The records:
▼

(* Let $H$ be a commutative monoid with identity $1_H$ and group of units $H^\times$. The following are equivalent: (a) $\mathcal{P}_{\mathrm{fin},1}(H)$ is UmF; (b) $H\setminus H^\times$ is a breakable subsemigroup of $H$, the group of units $H^\times$ has order $\le 2$, and $H$ is the trivial ideal extension of $H\setminus H^\times$ by $H^\times$.
   Context: For a monoid $H$, $\mathcal{P}_{\mathrm{fin},1}(H)$ denotes the set of all non-empty finite subsets of $H$ containing $1_H$; it is a monoid under setwise multiplication $XY=\{xy: x\in X, y\in Y\}$. Divisibility in a monoid $M$: $x\mid_M y$ iff $y\in MxM=\{uxv: u,v\in M\}$; $x,y$ are associated if each divides the other; $x$ properly divides $y$ if $x\mid_M y$ but $y\nmid_M x$. A unit-divisor is an element dividing $1_M$; otherwise it is a non-unit-divisor. An irreducible of $M$ is a non-unit-divisor $a$ such that $a\neq xy$ for all non-unit-divisors $x,y$ that both properly divide $a$. A factorization of $x\in M$ is a finite word $a_1\ast\cdots\ast a_n$ (possibly empty) over the set of irreducibles of $M$ with $a_1\cdots a_n=x$. For words $\mathfrak a,\mathfrak b$ over $M$, write $\mathfrak a\sqsubseteq\mathfrak b$ if $\mathfrak a$ is, up to replacing letters by associated elements, a subword (subsequence) of some permutation of $\mathfrak b$; $\mathfrak a,\mathfrak b$ are equivalent if $\mathfrak a\sqsubseteq\mathfrak b\sqsubseteq\mathfrak a$. A factorization $\mathfrak a$ of $x$ is minimal if there is no factorization $\mathfrak b$ of $x$ with $\mathfrak b\sqsubseteq\mathfrak a$ and $\mathfrak a\not\sqsubseteq\mathfrak b$. $M$ is UmF if every non-unit-divisor is a product of irreducibles and any two minimal factorizations of the same element are equivalent. A semigroup $S$ is breakable if $xy\in\{x,y\}$ for all $x,y\in S$. "$H$ is the trivial ideal extension of $H\setminus H^\times$ by $H^\times$" means $uy=yu=y$ for all $u\in H^\times$ and $y\in H\setminus H^\times$ (the operation on $H^\times\cup(H\setminus H^\times)$ extends those of the two disjoint semigroups by this rule). *)

theory Defs
  imports Main "HOL-Library.Sublist" "HOL-Library.Multiset"
begin

definition mdvd :: "'m set \<Rightarrow> ('m \<Rightarrow> 'm \<Rightarrow> 'm) \<Rightarrow> 'm \<Rightarrow> 'm \<Rightarrow> bool" where
  "mdvd M f x y \<longleftrightarrow> (\<exists>u\<in>M. \<exists>v\<in>M. y = f (f u x) v)"

definition massoc :: "'m set \<Rightarrow> ('m \<Rightarrow> 'm \<Rightarrow> 'm) \<Rightarrow> 'm \<Rightarrow> 'm \<Rightarrow> bool" where
  "massoc M f x y \<longleftrightarrow> mdvd M f x y \<and> mdvd M f y x"

definition mproper_dvd :: "'m set \<Rightarrow> ('m \<Rightarrow> 'm \<Rightarrow> 'm) \<Rightarrow> 'm \<Rightarrow> 'm \<Rightarrow> bool" where
  "mproper_dvd M f x y \<longleftrightarrow> mdvd M f x y \<and> \<not> mdvd M f y x"

definition unit_divisor :: "'m set \<Rightarrow> ('m \<Rightarrow> 'm \<Rightarrow> 'm) \<Rightarrow> 'm \<Rightarrow> 'm \<Rightarrow> bool" where
  "unit_divisor M f e x \<longleftrightarrow> x \<in> M \<and> mdvd M f x e"

definition non_unit_divisor :: "'m set \<Rightarrow> ('m \<Rightarrow> 'm \<Rightarrow> 'm) \<Rightarrow> 'm \<Rightarrow> 'm \<Rightarrow> bool" where
  "non_unit_divisor M f e x \<longleftrightarrow> x \<in> M \<and> \<not> mdvd M f x e"

definition mirreducible :: "'m set \<Rightarrow> ('m \<Rightarrow> 'm \<Rightarrow> 'm) \<Rightarrow> 'm \<Rightarrow> 'm \<Rightarrow> bool" where
  "mirreducible M f e a \<longleftrightarrow> non_unit_divisor M f e a \<and>
     (\<forall>x y. non_unit_divisor M f e x \<and> non_unit_divisor M f e y \<and>
            mproper_dvd M f x a \<and> mproper_dvd M f y a \<longrightarrow> a \<noteq> f x y)"

definition word_prod :: "('m \<Rightarrow> 'm \<Rightarrow> 'm) \<Rightarrow> 'm \<Rightarrow> 'm list \<Rightarrow> 'm" where
  "word_prod f e as = foldr f as e"

definition factorization :: "'m set \<Rightarrow> ('m \<Rightarrow> 'm \<Rightarrow> 'm) \<Rightarrow> 'm \<Rightarrow> 'm \<Rightarrow> 'm list \<Rightarrow> bool" where
  "factorization M f e x as \<longleftrightarrow> (\<forall>a\<in>set as. mirreducible M f e a) \<and> word_prod f e as = x"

▲

Work instruction: Pull every line containing "definition" out of the material and copy it.

Output of the exercise:
definition mdvd :: "'m set \<Rightarrow> ('m \<Rightarrow> 'm \<Rightarrow> 'm) \<Rightarrow> 'm \<Rightarrow> 'm \<Rightarrow> bool" where
definition massoc :: "'m set \<Rightarrow> ('m \<Rightarrow> 'm \<Rightarrow> 'm) \<Rightarrow> 'm \<Rightarrow> 'm \<Rightarrow> bool" where
definition mproper_dvd :: "'m set \<Rightarrow> ('m \<Rightarrow> 'm \<Rightarrow> 'm) \<Rightarrow> 'm \<Rightarrow> 'm \<Rightarrow> bool" where
definition unit_divisor :: "'m set \<Rightarrow> ('m \<Rightarrow> 'm \<Rightarrow> 'm) \<Rightarrow> 'm \<Rightarrow> 'm \<Rightarrow> bool" where
definition non_unit_divisor :: "'m set \<Rightarrow> ('m \<Rightarrow> 'm \<Rightarrow> 'm) \<Rightarrow> 'm \<Rightarrow> 'm \<Rightarrow> bool" where
definition mirreducible :: "'m set \<Rightarrow> ('m \<Rightarrow> 'm \<Rightarrow> 'm) \<Rightarrow> 'm \<Rightarrow> 'm \<Rightarrow> bool" where
definition word_prod :: "('m \<Rightarrow> 'm \<Rightarrow> 'm) \<Rightarrow> 'm \<Rightarrow> 'm list \<Rightarrow> 'm" where
definition factorization :: "'m set \<Rightarrow> ('m \<Rightarrow> 'm \<Rightarrow> 'm) \<Rightarrow> 'm \<Rightarrow> 'm \<Rightarrow> 'm list \<Rightarrow> bool" where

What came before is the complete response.